Life plays tricks on you. It crackles and burns in the darkness. It erases over files you’d been saving. It writes over what you wanted to say. Time does that. The wind does that. The world roasts and the crickets chirp as you wonder aloud. I’m no sage, no poet, no oracle. I can’t see the future, nor stomach the past. I’m a realist now. I’m a hard-edged, soft-in-the-middle curator of whatever the hell is laying around. I mold things. I bend them. I try to interpret them as best I can. And the best I can interpret what’s coming is both an end and a beginning.

Many things this year feel like they’re on their way to a close, if they haven’t already shuttered their doors. My old life feels as distant as the Sonoran, my old ways feel as tread-worn as the path of least resistance. Something new is coming — and yet, I cannot be sure what.

I do not hate what’s come in the 17 years since I last made my way to where I’m going. And yet I cannot say I love it. The world feels different now: let me explain.
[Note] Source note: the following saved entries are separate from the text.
lemma inj_on_scaled_unit: "inj_on (scaled_unit \<sigma>) {1..}"
proof (rule inj_onI, rule ccontr)
  fix i j assume i: "i \<in> {1..}" and eq: "scaled_unit \<sigma> i = scaled_unit \<sigma> j" and "i \<noteq> j"
  then have "scaled_unit \<sigma> i i = 0" by (simp add: scaled_unit_apply)
  then show False using weight_pos[of i] i by (simp add: scaled_unit_apply)
qed

lemma Kset_covering_radius:
  "\<sigma> (2^n) \<in> {\<epsilon>. \<epsilon> > 0 \<and> (\<exists>C. C \<subseteq> Kset \<sigma> \<and> finite C \<and> card C \<le> 2 ^ n \<and>
        (\<forall>f\<in>Kset \<sigma>. \<exists>z\<in>C. c0_dist f z \<le> \<epsilon>))}"
proof -
  let ?C = "insert (\<lambda>i. 0) (scaled_unit \<sigma> ` {1..<2^n})"
  have "card (scaled_unit \<sigma> ` {1..<2^n}) \<le> 2^n - 1"
    using card_image_le[of "{1..<2^n}" "scaled_unit \<sigma>"] by simp
  then have card: "card ?C \<le> 2^n" by (intro card_insert_le_m1) auto
  have "\<exists>z\<in>?C. c0_dist f z \<le> \<sigma> (2^n)" if "f \<in> Kset \<sigma>" for f
  proof -
    from that consider "f = (\<lambda>i. 0)" | j where "1 \<le> j" "f = scaled_unit \<sigma> j"
      unfolding Kset_eq by auto
    then show ?thesis
    proof cases
      case 1
      then show ?thesis using weight_pos[of "2^n"] by force
    next
      case (2 j)
      show ?thesis
      proof (cases "j < 2^n")
        case True
        then show ?thesis using 2 weight_pos[of "2^n"] by force
      next
        case False
        then have "\<sigma> j \<le> \<sigma> (2^n)" by (intro weight_antitone) auto
        then show ?thesis using c0_dist_scaled_unit_zero[OF 2(1)] 2(2) by force
      qed
    qed
  qed
  then show ?thesis using card weight_pos[of "2^n"] unfolding Kset_eq
    by (intro CollectI conjI exI[of _ ?C]) auto
qed
definition hermitian_mat :: "complex mat \<Rightarrow> bool" where
  "hermitian_mat A \<longleftrightarrow> mat_adjoint A = A"

lemma hermitian_mat_gram: "hermitian_mat (G * mat_adjoint G)"
  unfolding hermitian_mat_def
  by (subst mat_adjoint_mult[of G "dim_row G" "dim_col G" _ "dim_row G"]) auto

lemma hermitian_mat_smult_real:
  "hermitian_mat A \<Longrightarrow> hermitian_mat (complex_of_real c \<cdot>\<^sub>m A)"
  unfolding hermitian_mat_def mat_adjoint_smult by (simp add: conjugate_complex_def)

lemma pow_mat_add:
  fixes A :: "'a :: semiring_1 mat"
  assumes "A \<in> carrier_mat n n"
  shows "A ^\<^sub>m (k + l) = A ^\<^sub>m k * A ^\<^sub>m l"
proof -
  let ?R = "ring_mat TYPE('a) n ()"
  interpret semiring ?R by (rule semiring_mat)
  have "A [^]\<^bsub>?R\<^esub> k \<otimes>\<^bsub>?R\<^esub> A [^]\<^bsub>?R\<^esub> l = A [^]\<^bsub>?R\<^esub> (k + l)"
    using assms by (intro nat_pow_mult) (simp add: ring_mat_def)
  then show ?thesis
    unfolding pow_mat_ring_pow[OF assms, where b = "()"] by (simp add: ring_mat_def)
qed

lemma hermitian_mat_pow:
  assumes A: "A \<in> carrier_mat n n" and herm: "hermitian_mat A"
  shows "hermitian_mat (A ^\<^sub>m k)"
proof (induction k)
  case 0
  then show ?case using A by (simp add: hermitian_mat_def)
next
  case (Suc k)
  have "mat_adjoint (A ^\<^sub>m Suc k) = A * A ^\<^sub>m k"
    using Suc herm A by (simp add: mat_adjoint_mult[of _ n n] hermitian_mat_def)
  also have "\<dots> = A ^\<^sub>m 1 * A ^\<^sub>m k"
    using A by simp
  also have "\<dots> = A ^\<^sub>m Suc k"
    using pow_mat_add[OF A, of 1 k] by simp
  finally show ?case by (simp add: hermitian_mat_def)
qed

lemma hermitian_mat_conjugate_scalar_prod:
  assumes "A \<in> carrier_mat n n" "hermitian_mat A" "x \<in> carrier_vec n" "y \<in> carrier_vec n"
  shows "conjugate x \<bullet> (A *\<^sub>v y) = conjugate (A *\<^sub>v x) \<bullet> y"
  using conjugate_scalar_prod_mult_mat_vec assms unfolding hermitian_mat_def by metis

lemma norm_rayleigh_square_le:
  assumes A: "A \<in> carrier_mat n n" and herm: "hermitian_mat A"
    and r: "r \<in> carrier_vec n" and r1: "vnorm2 r = 1"
  shows "(cmod (conjugate r \<bullet> (A *\<^sub>v r)))\<^sup>2 \<le> cmod (conjugate r \<bullet> ((A * A) *\<^sub>v r))"
proof -
  define v where "v = A *\<^sub>v r"
  have v: "v \<in> carrier_vec n" using A r unfolding v_def by simp
  have "conjugate r \<bullet> ((A * A) *\<^sub>v r) = conjugate v \<bullet> v"
    using A r herm v unfolding v_def by (simp add: hermitian_mat_conjugate_scalar_prod)
  then have "cmod (conjugate r \<bullet> ((A * A) *\<^sub>v r)) = (vnorm2 v)\<^sup>2"
    using v by (simp add: conjugate_scalar_prod_self norm_power)
  moreover have "cmod (conjugate r \<bullet> (A *\<^sub>v r)) \<le> vnorm2 v"
    using norm_conjugate_scalar_prod_le[OF r v] r1 unfolding v_def by simp
  ultimately show ?thesis
    by (simp add: power_mono)
qed

lemma norm_rayleigh_pow2_le:
  assumes A: "A \<in> carrier_mat n n" and herm: "hermitian_mat A"
    and r: "r \<in> carrier_vec n" and r1: "vnorm2 r = 1"
  shows "cmod (conjugate r \<bullet> (A *\<^sub>v r)) ^ 2 ^ j \<le> cmod (conjugate r \<bullet> ((A ^\<^sub>m 2 ^ j) *\<^sub>v r))"
proof (induction j)
  case 0
  then show ?case using A by simp
next
  case (Suc j)
  let ?P = "A ^\<^sub>m 2 ^ j"
  have P: "?P \<in> carrier_mat n n" using A by simp
  have "cmod (conjugate r \<bullet> (A *\<^sub>v r)) ^ 2 ^ Suc j
      = (cmod (conjugate r \<bullet> (A *\<^sub>v r)) ^ 2 ^ j)\<^sup>2"
    by (simp add: power_mult[symmetric] mult.commute)
  also have "\<dots> \<le> (cmod (conjugate r \<bullet> (?P *\<^sub>v r)))\<^sup>2"
    using Suc by (simp add: power_mono)
  also have "\<dots> \<le> cmod (conjugate r \<bullet> ((?P * ?P) *\<^sub>v r))"
    using norm_rayleigh_square_le[OF P hermitian_mat_pow[OF A herm] r r1] .
  also have "?P * ?P = A ^\<^sub>m 2 ^ Suc j"
    using A by (simp add: pow_mat_add[symmetric] mult_2)
  finally show ?case .
qed

lemma norm_rayleigh_le_norm_bound:
  assumes P: "P \<in> carrier_mat n n" and bound: "norm_bound P b"
    and r: "r \<in> carrier_vec n" and r1: "vnorm2 r = 1"
  shows "cmod (conjugate r \<bullet> (P *\<^sub>v r)) \<le> real n * real n * b"
proof -
  have "conjugate r \<bullet> (P *\<^sub>v r) = (\<Sum>i<n. \<Sum>j<n. cnj (r $ i) * P $$ (i, j) * r $ j)"
    using P r by (simp add: conjugate_scalar_prod_eq_sum[of _ n] scalar_prod_def
        lessThan_atLeast0 sum_distrib_left mult.assoc)
  also have "cmod \<dots> \<le> (\<Sum>i<n. \<Sum>j<n. cmod (cnj (r $ i) * P $$ (i, j) * r $ j))"
    by (rule order_trans[OF norm_sum sum_mono[OF norm_sum]])
  also have "\<dots> \<le> (\<Sum>i<n. \<Sum>j<n. b)"
  proof (intro sum_mono)
    fix i j assume "i \<in> {..<n}" "j \<in> {..<n}"
    then have "cmod (r $ i) * cmod (P $$ (i, j)) * cmod (r $ j) \<le> 1 * b * 1"
      using norm_index_le_vnorm2[of _ r] r1 r P bound unfolding norm_bound_def
      by (intro mult_mono) (auto intro: order_trans[OF norm_ge_zero])
    then show "cmod (cnj (r $ i) * P $$ (i, j) * r $ j) \<le> b"
      by (simp add: norm_mult)
  qed
  finally show ?thesis by simp
qed

lemma smult_mat_mult_mat_vec:
  assumes "v \<in> carrier_vec (dim_col A)"
  shows "(c \<cdot>\<^sub>m A) *\<^sub>v v = c \<cdot>\<^sub>v (A *\<^sub>v v)"
  using assms by (intro eq_vecI) (auto simp: scalar_prod_def sum_distrib_left mult.assoc)

lemma spectral_radius_smult_le:
  assumes A: "A \<in> carrier_mat n n" and n: "n > 0" and c: "c \<noteq> 0"
  shows "spectral_radius (c \<cdot>\<^sub>m A) \<le> cmod c * spectral_radius A"
proof -
  obtain e where e: "eigenvalue (c \<cdot>\<^sub>m A) e" and rho: "spectral_radius (c \<cdot>\<^sub>m A) = cmod e"
    using spectral_radius_mem_max(1)[of "c \<cdot>\<^sub>m A" n] A n unfolding spectrum_def by auto
  obtain v where v: "v \<in> carrier_vec n" "v \<noteq> 0\<^sub>v n" and ev: "(c \<cdot>\<^sub>m A) *\<^sub>v v = e \<cdot>\<^sub>v v"
    using e A unfolding eigenvalue_def eigenvector_def by auto
  have "A *\<^sub>v v = (e / c) \<cdot>\<^sub>v v"
    using arg_cong[OF ev, of "\<lambda>w. inverse c \<cdot>\<^sub>v w"] A v c
    by (simp add: smult_mat_mult_mat_vec smult_smult_assoc field_simps)
  then have "eigenvalue A (e / c)"
    using A v unfolding eigenvalue_def eigenvector_def by auto
  then have "cmod (e / c) \<le> spectral_radius A"
    using spectral_radius_mem_max(2)[OF A n] unfolding spectrum_def by auto
  then show ?thesis
    using rho c by (simp add: norm_divide field_simps)
qed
The brother in that car is gone. Disappeared into the wind. He’s been away for over two years now. Existing somewhere outside the realm of communication. I miss him, and yet it’s hard to miss someone you never really feel you knew in the first place.

The girl? She’s long gone. Lost to the memory of time and the harshness of Facebook blocking. Last I saw her, in 2008, I proposed to her at the end of a 674-page manuscript that detailed our romance. It was the first thing I ever wrote. I never got the ring back. I’ve loved since then. I’ve loved hard. But they’re all gone, too. Nothing more than a box of memories that range somewhere between wistful, romantic and disturbing. If only I’d never, or if only I’d ever … if only.

The family we went out to visit last time around has had its deck shuffled by incalculable change and unconquerable odds. I won’t be seeing them. I wouldn’t even know how to or why. My grandmother has left this Earth. Winds take the ones you thought you knew, and they fade away in the dust. You’re left only with yourself. Out there alone, among the cacti and scorpions, wandering your way around an endless abyss, praying for rain or water or civilization. We do this more often than not in deserts of our own making.

I am a writer now, I guess. And a mildly successful career man. I inspire people with my words, entertain them with my stories, and occasionally fail to do both those things despite my best efforts. (This may be one of those times.) This is all Act II. This is all what’s come since that last trip. I had hair back then. Hell, it was blonde. And gelled. And now it’s all gone. And these crows feet have become vultures encircling my skull. The mind grows hard. The drinks grow harder. The body grows soft. The skin grows thick. The soul grows hallow. Aging will do that to you. The desert will do that to you.

Yet, still, there is something rising. Something coming. There’s an anxious, exhilarating hope nudging its way down the interstate, shining its high-beams down a lonesome highway deep within the middle of nowhere. I’m not sure where it’s leading. I’m not sure where it’s taking me. But it’s there. And it’s not a Dodge Intrepid.

I think back to all that has changed since I last gorged myself on the oil-canvas beauty of the Arizona steppe. How vastly different life can become if you double its length. How vastly strange the world begins to look if you stare at it long enough, or move just far enough. How you can begin to forget your own face when you go too long without a good, hard look in the mirror. I wonder what I look like now. I wonder if he looks vaguely like the man that woman once loved, or the man my family once adored. I wonder if there’s any of that left in me.

Because what’s come is just fine, and what’s come is definitely me, but what’s coming could upend the entirety of what I know — a monsoon, a dust-bunny, a cracking of the earth. For I’m about to begin Act III, which will take me to nearly 52. Yes, I’ve risen before. Yes, I’ve also fallen. How different will I be? How different will I look? How many people will I lose? How many people will I find?

I quiver at this line of questioning. The time ticks away. The water runs dry. And when it’s all said and done, all we become is cracked landscape, withering and rotting in the heat of the desert summer, having only left behind our tracks of where we dared to venture before the sun went down on us.